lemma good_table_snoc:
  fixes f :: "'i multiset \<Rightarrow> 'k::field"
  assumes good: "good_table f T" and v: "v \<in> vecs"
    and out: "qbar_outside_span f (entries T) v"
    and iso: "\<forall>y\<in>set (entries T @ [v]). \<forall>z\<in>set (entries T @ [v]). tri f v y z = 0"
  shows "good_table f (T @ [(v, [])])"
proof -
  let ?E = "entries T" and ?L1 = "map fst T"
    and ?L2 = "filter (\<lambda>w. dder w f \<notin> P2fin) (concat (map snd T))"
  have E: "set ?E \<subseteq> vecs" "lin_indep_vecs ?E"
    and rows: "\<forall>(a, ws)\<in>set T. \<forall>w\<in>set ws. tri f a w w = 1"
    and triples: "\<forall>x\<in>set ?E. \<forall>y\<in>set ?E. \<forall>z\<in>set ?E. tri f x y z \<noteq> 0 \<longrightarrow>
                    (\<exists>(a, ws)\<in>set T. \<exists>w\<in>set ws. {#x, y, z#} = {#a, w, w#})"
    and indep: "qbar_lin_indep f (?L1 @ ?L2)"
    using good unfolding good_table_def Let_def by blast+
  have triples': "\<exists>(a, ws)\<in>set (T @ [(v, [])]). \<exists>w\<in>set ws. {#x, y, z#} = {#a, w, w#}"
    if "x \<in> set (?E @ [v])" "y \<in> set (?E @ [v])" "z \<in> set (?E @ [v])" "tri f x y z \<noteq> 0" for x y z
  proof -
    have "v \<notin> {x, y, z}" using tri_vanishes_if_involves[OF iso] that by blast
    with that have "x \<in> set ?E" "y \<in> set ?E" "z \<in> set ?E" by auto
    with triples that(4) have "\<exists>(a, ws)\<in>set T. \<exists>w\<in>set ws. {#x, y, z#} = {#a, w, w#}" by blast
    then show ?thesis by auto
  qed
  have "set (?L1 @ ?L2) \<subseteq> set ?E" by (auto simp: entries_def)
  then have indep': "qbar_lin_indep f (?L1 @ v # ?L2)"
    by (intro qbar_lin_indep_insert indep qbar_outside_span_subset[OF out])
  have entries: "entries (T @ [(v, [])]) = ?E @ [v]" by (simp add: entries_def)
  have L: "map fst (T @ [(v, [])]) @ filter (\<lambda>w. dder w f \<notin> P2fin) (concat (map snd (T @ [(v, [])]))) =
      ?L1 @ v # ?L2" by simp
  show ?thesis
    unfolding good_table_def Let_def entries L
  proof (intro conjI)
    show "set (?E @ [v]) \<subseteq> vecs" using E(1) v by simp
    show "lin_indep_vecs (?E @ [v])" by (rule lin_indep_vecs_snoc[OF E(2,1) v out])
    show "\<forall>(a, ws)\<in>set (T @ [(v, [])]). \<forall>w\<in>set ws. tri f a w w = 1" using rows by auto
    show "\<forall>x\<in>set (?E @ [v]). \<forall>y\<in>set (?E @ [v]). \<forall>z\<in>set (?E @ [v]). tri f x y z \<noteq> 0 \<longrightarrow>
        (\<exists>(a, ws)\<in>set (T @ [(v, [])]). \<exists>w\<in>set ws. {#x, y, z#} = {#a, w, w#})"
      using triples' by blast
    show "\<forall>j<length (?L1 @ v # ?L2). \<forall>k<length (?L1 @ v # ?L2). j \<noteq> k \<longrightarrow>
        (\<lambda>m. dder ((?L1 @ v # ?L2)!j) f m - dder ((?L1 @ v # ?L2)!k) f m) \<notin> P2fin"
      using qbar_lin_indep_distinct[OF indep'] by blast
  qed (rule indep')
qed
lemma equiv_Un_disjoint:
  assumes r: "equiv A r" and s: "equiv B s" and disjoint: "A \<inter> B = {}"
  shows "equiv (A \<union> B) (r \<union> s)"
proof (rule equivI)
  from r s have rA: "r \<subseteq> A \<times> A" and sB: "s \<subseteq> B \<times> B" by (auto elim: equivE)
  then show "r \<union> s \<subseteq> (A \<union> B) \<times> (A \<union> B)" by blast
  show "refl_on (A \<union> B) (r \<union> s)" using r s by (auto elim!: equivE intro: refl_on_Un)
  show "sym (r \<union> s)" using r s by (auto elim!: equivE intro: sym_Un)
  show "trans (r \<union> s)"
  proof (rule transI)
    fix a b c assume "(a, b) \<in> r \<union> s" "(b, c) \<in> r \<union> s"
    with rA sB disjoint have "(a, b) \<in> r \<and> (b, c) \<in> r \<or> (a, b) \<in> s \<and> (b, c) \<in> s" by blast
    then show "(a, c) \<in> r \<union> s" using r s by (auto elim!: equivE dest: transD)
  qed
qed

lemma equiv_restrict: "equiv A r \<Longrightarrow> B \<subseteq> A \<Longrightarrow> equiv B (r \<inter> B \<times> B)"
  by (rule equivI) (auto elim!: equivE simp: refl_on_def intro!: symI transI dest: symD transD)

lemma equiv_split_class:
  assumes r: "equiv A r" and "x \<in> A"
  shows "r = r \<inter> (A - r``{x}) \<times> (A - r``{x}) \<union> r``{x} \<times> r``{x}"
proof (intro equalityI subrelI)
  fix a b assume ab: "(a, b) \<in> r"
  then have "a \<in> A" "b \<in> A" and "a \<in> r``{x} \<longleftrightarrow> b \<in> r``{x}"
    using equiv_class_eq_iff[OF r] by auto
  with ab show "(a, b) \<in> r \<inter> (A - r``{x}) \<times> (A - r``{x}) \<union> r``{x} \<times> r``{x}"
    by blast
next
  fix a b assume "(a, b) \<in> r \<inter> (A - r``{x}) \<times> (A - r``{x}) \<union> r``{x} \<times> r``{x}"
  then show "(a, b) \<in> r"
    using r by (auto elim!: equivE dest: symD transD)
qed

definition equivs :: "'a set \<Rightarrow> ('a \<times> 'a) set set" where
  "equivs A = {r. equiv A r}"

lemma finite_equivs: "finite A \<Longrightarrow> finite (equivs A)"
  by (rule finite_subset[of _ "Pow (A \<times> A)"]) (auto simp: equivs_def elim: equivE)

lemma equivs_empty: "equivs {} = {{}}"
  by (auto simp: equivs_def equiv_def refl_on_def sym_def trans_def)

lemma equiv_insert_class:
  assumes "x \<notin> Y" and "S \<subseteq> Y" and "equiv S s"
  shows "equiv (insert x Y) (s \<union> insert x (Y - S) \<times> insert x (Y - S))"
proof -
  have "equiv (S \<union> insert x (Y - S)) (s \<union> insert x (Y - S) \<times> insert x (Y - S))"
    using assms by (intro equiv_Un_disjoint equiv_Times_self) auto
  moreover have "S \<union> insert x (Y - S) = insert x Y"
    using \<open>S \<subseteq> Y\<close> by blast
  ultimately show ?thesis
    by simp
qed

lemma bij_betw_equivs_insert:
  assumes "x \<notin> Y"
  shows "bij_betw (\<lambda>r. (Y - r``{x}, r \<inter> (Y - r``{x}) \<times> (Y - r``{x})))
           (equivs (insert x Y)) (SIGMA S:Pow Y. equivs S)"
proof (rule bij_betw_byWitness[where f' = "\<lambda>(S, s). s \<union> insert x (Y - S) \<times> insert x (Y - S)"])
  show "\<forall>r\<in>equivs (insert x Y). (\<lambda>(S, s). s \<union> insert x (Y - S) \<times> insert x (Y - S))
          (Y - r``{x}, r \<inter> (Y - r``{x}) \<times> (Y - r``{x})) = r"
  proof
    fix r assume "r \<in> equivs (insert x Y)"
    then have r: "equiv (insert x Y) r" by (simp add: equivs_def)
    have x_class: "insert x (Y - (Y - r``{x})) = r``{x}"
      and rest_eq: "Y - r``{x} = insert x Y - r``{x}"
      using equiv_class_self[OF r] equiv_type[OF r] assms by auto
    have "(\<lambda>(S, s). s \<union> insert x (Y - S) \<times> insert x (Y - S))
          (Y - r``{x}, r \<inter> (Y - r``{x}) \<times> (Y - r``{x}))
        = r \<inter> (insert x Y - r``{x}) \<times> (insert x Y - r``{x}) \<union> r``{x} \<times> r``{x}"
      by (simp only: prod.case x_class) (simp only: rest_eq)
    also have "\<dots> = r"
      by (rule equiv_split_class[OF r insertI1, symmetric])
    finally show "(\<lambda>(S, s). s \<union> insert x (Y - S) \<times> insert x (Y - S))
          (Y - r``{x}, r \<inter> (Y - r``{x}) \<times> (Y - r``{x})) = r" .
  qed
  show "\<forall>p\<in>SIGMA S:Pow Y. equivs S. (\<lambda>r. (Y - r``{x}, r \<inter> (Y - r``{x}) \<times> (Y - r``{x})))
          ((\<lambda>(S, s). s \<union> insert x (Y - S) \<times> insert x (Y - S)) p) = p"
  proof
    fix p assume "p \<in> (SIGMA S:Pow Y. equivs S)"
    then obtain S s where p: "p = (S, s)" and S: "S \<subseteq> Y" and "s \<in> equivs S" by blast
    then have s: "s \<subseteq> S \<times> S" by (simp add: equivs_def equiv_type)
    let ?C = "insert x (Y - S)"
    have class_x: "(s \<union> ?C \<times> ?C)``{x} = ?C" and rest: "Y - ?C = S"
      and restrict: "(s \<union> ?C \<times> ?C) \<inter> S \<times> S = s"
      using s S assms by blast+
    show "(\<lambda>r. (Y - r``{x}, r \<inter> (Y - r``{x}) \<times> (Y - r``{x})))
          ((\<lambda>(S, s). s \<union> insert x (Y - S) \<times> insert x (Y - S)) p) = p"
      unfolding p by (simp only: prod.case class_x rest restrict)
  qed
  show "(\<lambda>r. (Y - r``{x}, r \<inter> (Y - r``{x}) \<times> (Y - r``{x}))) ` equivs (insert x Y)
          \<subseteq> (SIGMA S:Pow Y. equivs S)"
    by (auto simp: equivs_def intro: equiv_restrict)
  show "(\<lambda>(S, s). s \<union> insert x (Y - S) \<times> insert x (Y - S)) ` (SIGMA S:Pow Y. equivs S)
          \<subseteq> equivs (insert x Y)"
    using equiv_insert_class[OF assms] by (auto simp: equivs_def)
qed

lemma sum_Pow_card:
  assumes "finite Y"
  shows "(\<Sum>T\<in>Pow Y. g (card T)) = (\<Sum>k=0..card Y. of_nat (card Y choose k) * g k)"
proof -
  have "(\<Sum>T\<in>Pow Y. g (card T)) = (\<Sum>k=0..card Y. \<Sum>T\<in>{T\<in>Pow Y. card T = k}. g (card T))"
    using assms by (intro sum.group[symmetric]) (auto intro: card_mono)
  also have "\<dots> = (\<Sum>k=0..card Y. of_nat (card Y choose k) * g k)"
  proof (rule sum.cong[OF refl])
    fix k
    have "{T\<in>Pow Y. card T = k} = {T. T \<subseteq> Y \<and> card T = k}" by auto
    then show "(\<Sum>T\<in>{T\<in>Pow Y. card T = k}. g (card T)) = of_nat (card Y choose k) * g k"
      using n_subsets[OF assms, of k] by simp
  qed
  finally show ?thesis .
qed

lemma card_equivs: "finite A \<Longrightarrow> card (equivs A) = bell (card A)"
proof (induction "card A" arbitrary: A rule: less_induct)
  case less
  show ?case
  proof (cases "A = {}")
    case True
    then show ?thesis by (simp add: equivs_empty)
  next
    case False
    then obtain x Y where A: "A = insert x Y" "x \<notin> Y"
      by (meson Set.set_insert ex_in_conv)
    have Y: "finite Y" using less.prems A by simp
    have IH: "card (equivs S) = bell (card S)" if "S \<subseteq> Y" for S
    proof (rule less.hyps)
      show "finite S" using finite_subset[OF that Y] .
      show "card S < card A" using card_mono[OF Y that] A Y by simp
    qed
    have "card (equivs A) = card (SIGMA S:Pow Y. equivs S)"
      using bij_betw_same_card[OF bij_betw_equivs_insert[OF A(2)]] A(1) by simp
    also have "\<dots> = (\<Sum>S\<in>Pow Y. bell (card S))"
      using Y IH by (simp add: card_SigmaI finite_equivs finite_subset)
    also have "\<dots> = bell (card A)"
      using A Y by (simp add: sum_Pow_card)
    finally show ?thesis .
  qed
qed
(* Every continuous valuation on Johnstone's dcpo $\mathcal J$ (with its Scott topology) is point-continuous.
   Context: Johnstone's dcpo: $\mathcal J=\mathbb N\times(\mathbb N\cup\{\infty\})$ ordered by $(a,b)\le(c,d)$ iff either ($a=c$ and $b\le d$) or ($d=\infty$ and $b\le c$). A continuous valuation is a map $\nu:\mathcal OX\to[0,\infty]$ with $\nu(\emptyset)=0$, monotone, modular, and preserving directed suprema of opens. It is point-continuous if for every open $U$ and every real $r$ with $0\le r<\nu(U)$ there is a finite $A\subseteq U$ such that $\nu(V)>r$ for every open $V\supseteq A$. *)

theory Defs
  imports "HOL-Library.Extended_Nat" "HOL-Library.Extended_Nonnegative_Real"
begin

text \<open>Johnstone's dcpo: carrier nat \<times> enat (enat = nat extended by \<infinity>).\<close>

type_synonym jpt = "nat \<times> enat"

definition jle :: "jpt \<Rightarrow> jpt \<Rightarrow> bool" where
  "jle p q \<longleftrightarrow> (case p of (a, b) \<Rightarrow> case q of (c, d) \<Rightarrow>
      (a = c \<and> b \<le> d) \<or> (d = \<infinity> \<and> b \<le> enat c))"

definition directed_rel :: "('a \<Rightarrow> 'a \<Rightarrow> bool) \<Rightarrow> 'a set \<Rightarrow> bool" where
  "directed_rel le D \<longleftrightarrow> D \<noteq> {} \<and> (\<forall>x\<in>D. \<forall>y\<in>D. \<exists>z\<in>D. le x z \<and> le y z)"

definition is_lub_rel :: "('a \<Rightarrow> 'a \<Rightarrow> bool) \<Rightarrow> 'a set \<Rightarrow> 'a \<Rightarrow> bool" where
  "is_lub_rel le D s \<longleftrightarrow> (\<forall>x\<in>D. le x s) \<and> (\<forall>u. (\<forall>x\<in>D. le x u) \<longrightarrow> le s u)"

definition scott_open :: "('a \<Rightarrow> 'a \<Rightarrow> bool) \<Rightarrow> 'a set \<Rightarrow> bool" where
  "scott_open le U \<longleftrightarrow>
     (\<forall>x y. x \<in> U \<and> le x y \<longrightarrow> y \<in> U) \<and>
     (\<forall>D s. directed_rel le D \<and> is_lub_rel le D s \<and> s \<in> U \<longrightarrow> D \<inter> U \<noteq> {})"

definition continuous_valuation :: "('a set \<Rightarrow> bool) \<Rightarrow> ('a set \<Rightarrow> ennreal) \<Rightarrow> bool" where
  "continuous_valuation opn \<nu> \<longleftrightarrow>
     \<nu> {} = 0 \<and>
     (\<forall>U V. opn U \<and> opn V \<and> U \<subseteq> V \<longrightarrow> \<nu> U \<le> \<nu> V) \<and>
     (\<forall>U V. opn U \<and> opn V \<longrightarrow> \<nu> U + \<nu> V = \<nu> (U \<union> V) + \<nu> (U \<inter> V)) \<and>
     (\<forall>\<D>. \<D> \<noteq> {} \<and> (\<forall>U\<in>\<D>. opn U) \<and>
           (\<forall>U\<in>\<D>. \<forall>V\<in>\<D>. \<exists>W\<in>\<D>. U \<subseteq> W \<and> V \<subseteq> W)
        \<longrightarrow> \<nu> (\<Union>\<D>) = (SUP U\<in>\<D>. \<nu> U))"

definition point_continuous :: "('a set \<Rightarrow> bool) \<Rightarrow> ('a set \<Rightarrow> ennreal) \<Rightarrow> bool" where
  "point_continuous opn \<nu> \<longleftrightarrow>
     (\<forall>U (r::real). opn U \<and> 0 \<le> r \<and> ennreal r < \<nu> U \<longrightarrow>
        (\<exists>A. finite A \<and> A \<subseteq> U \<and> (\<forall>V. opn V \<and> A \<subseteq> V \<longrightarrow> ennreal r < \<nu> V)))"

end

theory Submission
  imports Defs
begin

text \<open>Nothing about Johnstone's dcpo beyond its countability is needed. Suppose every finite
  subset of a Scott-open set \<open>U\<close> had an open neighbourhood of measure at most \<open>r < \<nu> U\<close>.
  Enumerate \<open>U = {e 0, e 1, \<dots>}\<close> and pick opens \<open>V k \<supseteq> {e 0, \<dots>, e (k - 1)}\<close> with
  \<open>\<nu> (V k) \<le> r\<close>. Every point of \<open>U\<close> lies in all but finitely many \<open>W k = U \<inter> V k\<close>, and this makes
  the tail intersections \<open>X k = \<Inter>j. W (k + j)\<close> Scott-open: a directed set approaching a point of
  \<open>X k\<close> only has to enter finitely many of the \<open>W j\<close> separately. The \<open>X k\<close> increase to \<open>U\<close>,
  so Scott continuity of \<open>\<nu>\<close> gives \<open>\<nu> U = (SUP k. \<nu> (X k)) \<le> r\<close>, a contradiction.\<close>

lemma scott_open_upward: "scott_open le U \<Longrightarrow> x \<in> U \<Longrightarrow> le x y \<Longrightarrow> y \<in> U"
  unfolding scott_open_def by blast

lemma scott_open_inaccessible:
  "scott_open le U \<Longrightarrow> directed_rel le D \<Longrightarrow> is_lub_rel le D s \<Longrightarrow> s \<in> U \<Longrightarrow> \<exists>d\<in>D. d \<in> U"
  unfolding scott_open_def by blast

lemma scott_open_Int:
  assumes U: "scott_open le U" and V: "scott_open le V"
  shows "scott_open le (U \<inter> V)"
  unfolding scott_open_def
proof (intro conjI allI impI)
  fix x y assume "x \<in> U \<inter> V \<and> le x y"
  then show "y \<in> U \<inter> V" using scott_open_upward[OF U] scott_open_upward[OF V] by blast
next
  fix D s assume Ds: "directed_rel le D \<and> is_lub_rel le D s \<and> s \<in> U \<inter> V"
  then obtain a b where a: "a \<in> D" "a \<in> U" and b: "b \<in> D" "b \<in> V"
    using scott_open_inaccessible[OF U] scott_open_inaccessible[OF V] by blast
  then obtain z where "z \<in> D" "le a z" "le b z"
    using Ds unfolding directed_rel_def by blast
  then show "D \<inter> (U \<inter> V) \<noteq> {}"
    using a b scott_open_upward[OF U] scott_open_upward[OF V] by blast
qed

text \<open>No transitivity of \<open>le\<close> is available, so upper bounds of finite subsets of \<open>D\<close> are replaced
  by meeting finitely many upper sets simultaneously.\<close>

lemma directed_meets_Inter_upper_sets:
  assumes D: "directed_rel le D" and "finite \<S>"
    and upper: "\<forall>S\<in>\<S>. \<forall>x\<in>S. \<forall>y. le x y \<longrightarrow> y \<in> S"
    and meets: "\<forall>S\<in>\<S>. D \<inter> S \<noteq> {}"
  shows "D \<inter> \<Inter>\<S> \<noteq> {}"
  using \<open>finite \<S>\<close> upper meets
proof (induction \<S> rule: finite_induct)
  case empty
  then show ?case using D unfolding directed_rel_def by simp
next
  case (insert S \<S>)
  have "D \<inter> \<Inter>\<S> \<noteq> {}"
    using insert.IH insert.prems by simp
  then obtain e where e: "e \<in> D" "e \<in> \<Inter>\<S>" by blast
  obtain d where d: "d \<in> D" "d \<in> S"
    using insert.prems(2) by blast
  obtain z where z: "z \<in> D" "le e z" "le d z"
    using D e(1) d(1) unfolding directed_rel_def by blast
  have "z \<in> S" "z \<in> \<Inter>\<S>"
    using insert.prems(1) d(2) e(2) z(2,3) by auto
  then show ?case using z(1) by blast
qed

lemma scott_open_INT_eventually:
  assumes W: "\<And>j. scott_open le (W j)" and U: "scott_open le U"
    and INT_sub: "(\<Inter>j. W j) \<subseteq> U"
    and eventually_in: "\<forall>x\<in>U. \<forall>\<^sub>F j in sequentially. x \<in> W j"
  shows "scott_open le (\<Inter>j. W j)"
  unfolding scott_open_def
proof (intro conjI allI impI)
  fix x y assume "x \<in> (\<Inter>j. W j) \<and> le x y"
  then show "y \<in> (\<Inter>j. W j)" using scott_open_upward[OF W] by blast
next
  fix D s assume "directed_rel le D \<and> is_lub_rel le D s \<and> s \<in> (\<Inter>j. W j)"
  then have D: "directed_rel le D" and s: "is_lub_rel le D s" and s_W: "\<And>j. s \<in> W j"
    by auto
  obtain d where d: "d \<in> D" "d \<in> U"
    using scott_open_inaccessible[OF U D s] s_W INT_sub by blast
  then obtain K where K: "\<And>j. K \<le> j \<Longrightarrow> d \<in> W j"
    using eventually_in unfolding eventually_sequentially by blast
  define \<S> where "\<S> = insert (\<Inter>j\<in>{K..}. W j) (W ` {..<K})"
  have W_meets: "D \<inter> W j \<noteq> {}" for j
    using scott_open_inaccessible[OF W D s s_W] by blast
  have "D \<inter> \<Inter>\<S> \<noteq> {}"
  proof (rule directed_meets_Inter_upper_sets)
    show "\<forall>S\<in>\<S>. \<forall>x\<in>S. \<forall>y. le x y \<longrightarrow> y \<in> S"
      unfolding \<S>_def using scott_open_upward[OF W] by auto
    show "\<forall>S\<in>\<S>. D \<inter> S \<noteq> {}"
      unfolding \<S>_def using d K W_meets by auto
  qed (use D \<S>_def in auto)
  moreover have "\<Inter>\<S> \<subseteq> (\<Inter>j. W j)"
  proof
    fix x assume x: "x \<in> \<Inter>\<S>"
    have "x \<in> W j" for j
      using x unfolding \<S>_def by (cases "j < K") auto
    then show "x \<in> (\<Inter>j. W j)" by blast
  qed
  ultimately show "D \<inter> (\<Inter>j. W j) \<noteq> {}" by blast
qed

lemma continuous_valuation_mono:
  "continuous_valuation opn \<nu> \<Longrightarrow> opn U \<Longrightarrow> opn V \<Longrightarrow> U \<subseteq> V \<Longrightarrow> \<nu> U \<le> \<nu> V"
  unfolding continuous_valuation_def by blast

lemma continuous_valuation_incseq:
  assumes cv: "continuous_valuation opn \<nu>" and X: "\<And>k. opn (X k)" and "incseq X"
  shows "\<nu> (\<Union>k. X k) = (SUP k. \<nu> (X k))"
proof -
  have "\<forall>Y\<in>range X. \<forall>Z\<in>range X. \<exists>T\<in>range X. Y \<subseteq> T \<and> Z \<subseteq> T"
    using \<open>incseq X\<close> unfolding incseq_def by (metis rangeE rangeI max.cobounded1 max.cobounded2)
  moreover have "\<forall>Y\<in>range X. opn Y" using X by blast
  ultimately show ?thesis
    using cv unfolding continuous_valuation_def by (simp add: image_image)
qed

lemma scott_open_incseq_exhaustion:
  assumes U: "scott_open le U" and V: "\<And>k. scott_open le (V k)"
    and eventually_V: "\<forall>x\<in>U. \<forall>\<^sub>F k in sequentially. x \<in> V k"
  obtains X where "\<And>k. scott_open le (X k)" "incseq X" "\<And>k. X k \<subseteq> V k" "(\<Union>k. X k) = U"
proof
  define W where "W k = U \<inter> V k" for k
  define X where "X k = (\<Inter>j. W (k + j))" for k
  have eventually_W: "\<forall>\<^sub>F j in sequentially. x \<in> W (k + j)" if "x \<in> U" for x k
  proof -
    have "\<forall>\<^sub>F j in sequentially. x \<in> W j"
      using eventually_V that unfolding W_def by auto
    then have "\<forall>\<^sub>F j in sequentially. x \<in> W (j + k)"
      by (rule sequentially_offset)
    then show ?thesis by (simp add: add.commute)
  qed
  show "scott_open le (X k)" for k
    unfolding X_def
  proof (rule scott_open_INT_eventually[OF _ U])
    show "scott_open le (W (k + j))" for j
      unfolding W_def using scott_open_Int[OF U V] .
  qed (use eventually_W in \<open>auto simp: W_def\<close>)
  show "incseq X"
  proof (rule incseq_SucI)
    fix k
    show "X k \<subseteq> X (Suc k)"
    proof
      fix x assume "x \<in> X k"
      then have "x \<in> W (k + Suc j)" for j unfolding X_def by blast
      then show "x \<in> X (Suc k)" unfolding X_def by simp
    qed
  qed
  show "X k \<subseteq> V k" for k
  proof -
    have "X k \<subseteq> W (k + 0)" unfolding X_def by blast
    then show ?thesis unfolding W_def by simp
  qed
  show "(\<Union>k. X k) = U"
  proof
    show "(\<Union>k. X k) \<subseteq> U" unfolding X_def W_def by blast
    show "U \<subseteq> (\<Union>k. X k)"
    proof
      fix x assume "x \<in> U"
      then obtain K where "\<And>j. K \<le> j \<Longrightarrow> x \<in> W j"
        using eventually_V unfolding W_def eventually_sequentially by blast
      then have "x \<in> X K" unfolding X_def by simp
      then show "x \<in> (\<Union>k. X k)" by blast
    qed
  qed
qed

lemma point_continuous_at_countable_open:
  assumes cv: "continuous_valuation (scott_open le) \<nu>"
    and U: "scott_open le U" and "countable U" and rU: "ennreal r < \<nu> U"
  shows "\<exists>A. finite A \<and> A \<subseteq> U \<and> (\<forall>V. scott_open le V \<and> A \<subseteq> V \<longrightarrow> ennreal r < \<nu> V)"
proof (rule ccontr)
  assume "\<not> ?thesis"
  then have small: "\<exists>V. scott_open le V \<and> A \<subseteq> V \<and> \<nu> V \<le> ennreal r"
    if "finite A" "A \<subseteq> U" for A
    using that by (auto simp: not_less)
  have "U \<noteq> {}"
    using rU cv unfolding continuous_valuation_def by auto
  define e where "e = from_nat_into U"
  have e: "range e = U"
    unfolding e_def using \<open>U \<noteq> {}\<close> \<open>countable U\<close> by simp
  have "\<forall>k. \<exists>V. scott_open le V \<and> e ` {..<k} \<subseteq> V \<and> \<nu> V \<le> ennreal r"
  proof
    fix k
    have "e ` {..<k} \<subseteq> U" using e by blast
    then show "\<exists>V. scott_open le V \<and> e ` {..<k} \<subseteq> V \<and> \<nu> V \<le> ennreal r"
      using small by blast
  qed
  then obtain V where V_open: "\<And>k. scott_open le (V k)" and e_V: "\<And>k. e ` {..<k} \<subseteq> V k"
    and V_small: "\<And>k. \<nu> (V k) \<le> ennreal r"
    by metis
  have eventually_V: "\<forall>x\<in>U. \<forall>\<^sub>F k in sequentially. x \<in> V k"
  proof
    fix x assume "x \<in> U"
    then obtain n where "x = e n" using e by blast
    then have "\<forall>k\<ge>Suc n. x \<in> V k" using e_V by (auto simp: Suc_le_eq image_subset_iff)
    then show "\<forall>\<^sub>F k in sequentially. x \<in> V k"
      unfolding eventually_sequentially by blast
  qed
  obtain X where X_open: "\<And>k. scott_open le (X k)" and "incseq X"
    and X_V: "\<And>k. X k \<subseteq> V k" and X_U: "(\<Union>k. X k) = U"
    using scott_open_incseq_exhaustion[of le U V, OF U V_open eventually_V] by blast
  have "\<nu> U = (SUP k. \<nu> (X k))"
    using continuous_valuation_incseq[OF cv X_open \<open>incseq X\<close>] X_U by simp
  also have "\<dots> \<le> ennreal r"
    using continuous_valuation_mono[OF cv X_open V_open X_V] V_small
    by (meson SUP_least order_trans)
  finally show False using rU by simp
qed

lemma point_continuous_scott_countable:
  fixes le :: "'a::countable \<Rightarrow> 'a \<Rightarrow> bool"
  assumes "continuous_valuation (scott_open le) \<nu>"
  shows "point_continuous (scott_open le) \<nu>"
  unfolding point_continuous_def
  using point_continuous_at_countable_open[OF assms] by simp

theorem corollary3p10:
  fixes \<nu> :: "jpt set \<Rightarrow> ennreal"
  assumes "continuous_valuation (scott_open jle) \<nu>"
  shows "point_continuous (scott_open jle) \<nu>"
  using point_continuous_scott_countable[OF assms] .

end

WORK INSTRUCTION —
Report how many lines in the data include the string "rows", giving nothing but that number.

RESULT OF THIS TASK —
2